Rhea looked good from the front; when she snapped around, she also looked good from the back. Penny admired the female form in her. But then she sighed. She was daydraming rags-to-riches success stories for Rhea until Cody re-entered. Her eyes slowly refocused on the real world and on a real problem. Cody stood in front of her, his arms folded.
“Do you have anything to say?” He had a wad of toilet paper shoved up his left nostril that looked ridiculous.
“No, sir,” she answered. Not yet, she thought. She tried not to regard his stuffed nostril.
“You had better watch your step, too, Miss Stenton,” he told her, as if he were doing her a favor. Penny stifled her laughter when a wisp of toilet paper shot out of his nose when he spoke, only to rock back and forth on an invisible seesaw of air as it fell.
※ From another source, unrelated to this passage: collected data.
theorem lemma3p3:
  fixes G :: "('g, 'm) monoid_scheme" and p :: nat and n :: nat
    and I :: "('g \<Rightarrow> 'k::field) set"
  assumes "group G" and "finite (carrier G)" and "prime p"
    and "card (carrier G) = p ^ n"
    and "CHAR('k) = p"
  shows "(ga_ideal G I \<and> I \<noteq> {0} \<and> I \<noteq> grpalg G
            \<longrightarrow> ga_indecomposable G I \<and> ga_projective_free G I)
       \<and> (\<forall>i::nat. i \<ge> 1 \<and> ga_jpow G i \<noteq> ({0} :: ('g \<Rightarrow> 'k) set)
            \<longrightarrow> ga_indecomposable G (ga_jpow G i :: ('g \<Rightarrow> 'k) set)
              \<and> ga_projective_free G (ga_jpow G i :: ('g \<Rightarrow> 'k) set))"
proof -
  interpret p_group G p n
    by (intro p_group.intro p_group_axioms.intro) (rule assms)+
  have proper_submod: "ga_indecomposable G M \<and> ga_projective_free G M"
    if "ga_submod G M" "M \<noteq> {0}" "M \<noteq> grpalg G" for M :: "('g \<Rightarrow> 'k) set"
    using ga_indecomposable_if_submod[OF assms(5) that(1,2)]
      ga_projective_free_if_submod[OF assms(5) that(1,3)] by (rule conjI)
  show ?thesis
  proof (rule conjI; intro allI impI)
    assume "ga_ideal G I \<and> I \<noteq> {0} \<and> I \<noteq> grpalg G"
    then show "ga_indecomposable G I \<and> ga_projective_free G I"
      by (intro proper_submod) (auto simp: ga_ideal_def ga_submod_def)
  next
    fix i :: nat
    assume "1 \<le> i \<and> ga_jpow G i \<noteq> ({0} :: ('g \<Rightarrow> 'k) set)"
    then show "ga_indecomposable G (ga_jpow G i :: ('g \<Rightarrow> 'k) set)
        \<and> ga_projective_free G (ga_jpow G i :: ('g \<Rightarrow> 'k) set)"
      using ga_jpow_neq_grpalg[OF assms(5)] by (intro proper_submod ga_submod_jpow) auto
  qed
qed

end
He quickly replaced it with a new, pristine wad of toilet paper he fished from his pocket.
Watch my step? she thought. I’m going to watch the step of my foot up your ass. She masked her thinking through a conciliatory expression, knowing she would most likely laugh before showing any anger. As hard as she tried, she couldn’t keep from looking at his plugged nose, which forced him to keep lowering his head to re-establish line of sight with her eyes. Finally an impish metaphor won out and a comment with a life of its own rolled out of her mouth before she knew it.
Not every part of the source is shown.